From Think Progress:
VIRGINIA: former Sen. George Allen (R).
In a 1994 radio broadcast, then-Gov. Allen told listeners that he
didn’t want his children “even seeing the news of some of these things
here, thinking that, this is acceptable behavior.” He added: “I don’t
think this is acceptable behavior… and as a matter of government policy I
don’t think we should condone that sort of behavior.” In the same
broadcast, he praised Virginia’s unconstitutional Crimes Against Nature
law –which made private consensual sex between same-sex adults a felony —
saying “It’s against the criminal law in Virginia, that homosexual acts
are illegal, and I think should stay illegal.” Perhaps unaware that
President Obama signed the Matthew Shepard and James Byrd, Jr. Hate
Crimes Prevention Act into law in 2009, on Allen’s current campaign
website he bizarrely promises to “vote against adding sexual orientation
to federal hate crimes statutes, as he did in 2005.”
MISSOURI: Rep. Todd Akin (R).
He argued on the House floor that marriage is only “about a love that
can bear children,” and warned that “anybody who knows something about
the history of the human race knows that there is no civilization which
has condoned homosexual marriage widely and openly that has long
survived.” He called Don’t Ask Don’t Tell repeal “an eclipse of reason”
and “the imposition of somebody’s social agenda that they want to impose
on the military,” and criticized President Obama’s endorsement of
marriage equality as an “unquenchable desire to tear down the
traditional family unit brick by brick.”
MASSACHUSETTS: Sen.
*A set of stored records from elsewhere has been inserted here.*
(* Let $F$ be a field of characteristic $0$. For $n=2$ and $n=3$, the algebra $T_n$ is generated by the odd power sums $p_{2k+1}$ ($k\ge 0$), and the proper products form a linear basis of $T_n$. Concretely: for $n=2$ the proper products are $p_1^{c}\,p_{2m+1}^{e}$ with $c\ge 0$, $e\in\{0,1\}$, $m\ge 1$; for $n=3$ they are $p_1^{c_1}p_3^{c_3}\,p_{2m+1}^{e}$ with $c_1,c_3\ge 0$, $e\in\{0,1\}$, $m\ge 2$.
   Context: $p_k=x_1^k+\dots+x_n^k$. A polynomial in $F[x_1,\dots,x_n]$ is monotypically supersymmetric if it is symmetric and, after substituting $x_1=t,\ x_2=-t$, the result does not depend on $t$; $T_n$ is the algebra of such polynomials. In general, with $i=\lfloor n/2\rfloor$, $j=\lfloor (n-1)/2\rfloor$, a proper product is $p_1^{c_1}p_3^{c_3}\cdots p_{2j+1}^{c_{2j+1}}p_{2m_1+1}\cdots p_{2m_{i'}+1}$ with $c$'s $\ge 0$, $i'\le i$, and all $m_k>j$. *)

theory Defs
  imports "HOL-Library.Poly_Mapping" "HOL-Combinatorics.Permutations"
begin

text \<open>Multivariate polynomials over 'a: finitely supported maps from monomials
  (finitely supported exponent vectors) to coefficients.  Variable x_(i+1) is index i.\<close>

type_synonym 'a mpoly = "(nat \<Rightarrow>\<^sub>0 nat) \<Rightarrow>\<^sub>0 'a"

definition Var :: "nat \<Rightarrow> 'a::comm_ring_1 mpoly" where
  "Var i = Poly_Mapping.single (Poly_Mapping.single i 1) 1"

definition Const :: "'a::comm_ring_1 \<Rightarrow> 'a mpoly" where
  "Const c = Poly_Mapping.single 0 c"

definition in_vars :: "nat \<Rightarrow> 'a::comm_ring_1 mpoly \<Rightarrow> bool" where
  "in_vars n p \<longleftrightarrow> (\<forall>m\<in>Poly_Mapping.keys p. Poly_Mapping.keys m \<subseteq> {..<n})"

definition psum :: "nat \<Rightarrow> nat \<Rightarrow> 'a::comm_ring_1 mpoly" where
  "psum n k = (\<Sum>i<n. Var i ^ k)"

definition symmetric_poly :: "nat \<Rightarrow> 'a::comm_ring_1 mpoly \<Rightarrow> bool" where
  "symmetric_poly n p \<longleftrightarrow>
     (\<forall>\<sigma>. \<sigma> permutes {..<n} \<longrightarrow>
        (\<forall>m. Poly_Mapping.lookup p (Poly_Mapping.map_key \<sigma> m) = Poly_Mapping.lookup p m))"

text \<open>substitution x_1 := t, x_2 := -t; the new variable t is stored in slot 0\<close>
definition subst_t :: "'a::comm_ring_1 mpoly \<Rightarrow> 'a mpoly" where
  "subst_t p = (\<Sum>m\<in>Poly_Mapping.keys p.
      Poly_Mapping.single
        (Poly_Mapping.update 0 (Poly_Mapping.lookup m 0 + Poly_Mapping.lookup m 1)
          (Poly_Mapping.update 1 0 m))
        ((-1) ^ Poly_Mapping.lookup m 1 * Poly_Mapping.lookup p m))"

definition indep_t :: "'a::comm_ring_1 mpoly \<Rightarrow> bool" where
  "indep_t q \<longleftrightarrow> (\<forall>m\<in>Poly_Mapping.keys q. Poly_Mapping.lookup m 0 = 0)"

definition mono_supersym :: "nat \<Rightarrow> 'a::comm_ring_1 mpoly \<Rightarrow> bool" where
  "mono_supersym n p \<longleftrightarrow> symmetric_poly n p \<and> indep_t (subst_t p)"

definition T :: "nat \<Rightarrow> 'a::comm_ring_1 mpoly set" where
  "T n = {p. in_vars n p \<and> mono_supersym n p}"

inductive_set subalg :: "'a::comm_ring_1 mpoly set \<Rightarrow> 'a mpoly set" for G where
  const: "Const c \<in> subalg G"
| gen: "g \<in> G \<Longrightarrow> g \<in> subalg G"
| add: "p \<in> subalg G \<Longrightarrow> q \<in> subalg G \<Longrightarrow> p + q \<in> subalg G"
| mult: "p \<in> subalg G \<Longrightarrow> q \<in> subalg G \<Longrightarrow> p * q \<in> subalg G"

definition is_basis :: "'i set \<Rightarrow> ('i \<Rightarrow> 'a::comm_ring_1 mpoly) \<Rightarrow> 'a mpoly set \<Rightarrow> bool" where
  "is_basis I b S \<longleftrightarrow> b ` I \<subseteq> S \<and>
     (\<forall>p\<in>S. \<exists>!a. (\<forall>i. i \<notin> I \<longrightarrow> a i = 0) \<and> finite {i. a i \<noteq> 0} \<and>
                p = (\<Sum>i\<in>{i. a i \<noteq> 0}. Const (a i) * b i))"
Scott Brown (R).
In 2001, he told the Boston Globe it was “not normal” for two women to
have children. His comments — focused at then-State Sen. Cheryl Jacques
and her domestic partner Jennifer Chrisler — also belittled Jacques’
“alleged family responsibilities.” While he later backed off of what he
called a “wrong choice of a word that is probably going to crucify me,”
Brown has to this day never directly apologized to Jacques and Chrisler.
Brown refused to be in the Massachusetts delegation’s “It Gets Better”
anti-suicide video and was one of just three state senators to oppose
repeal of a 1913 anti-interracial marriage law that then-Gov. Mitt
Romney used to prevent out-of-state same-sex couples from marrying in
Massachusetts.
WISCONSIN: former Gov. Tommy Thompson (R).
Thompson’s opposition to LGBT equality dates back nearly three decades.
In his successful 1986 campaign to for Governor of Wisconsin, he
repeatedly pledged to eliminate his predecessor’s Council on Lesbian and
Gay Issues. Dick Wagner, who co-chaired the council, told ThinkProgress
that Thompson did not reauthorize the Council on Lesbian and Gay Issues
but “did continue the Bicycle Coordinating Council.” During a 2007
Republican presidential primary debate, Thompson was asked whether
employers who believe “homosexuality is immoral” should be allowed to
fire gay employees. Thompson forcefully responded that “business people
have to make their own determination” on whether to fire employees based
on sexual orientation. A day later, he reversed himself, saying “I
didn’t hear the question properly and I apologize.”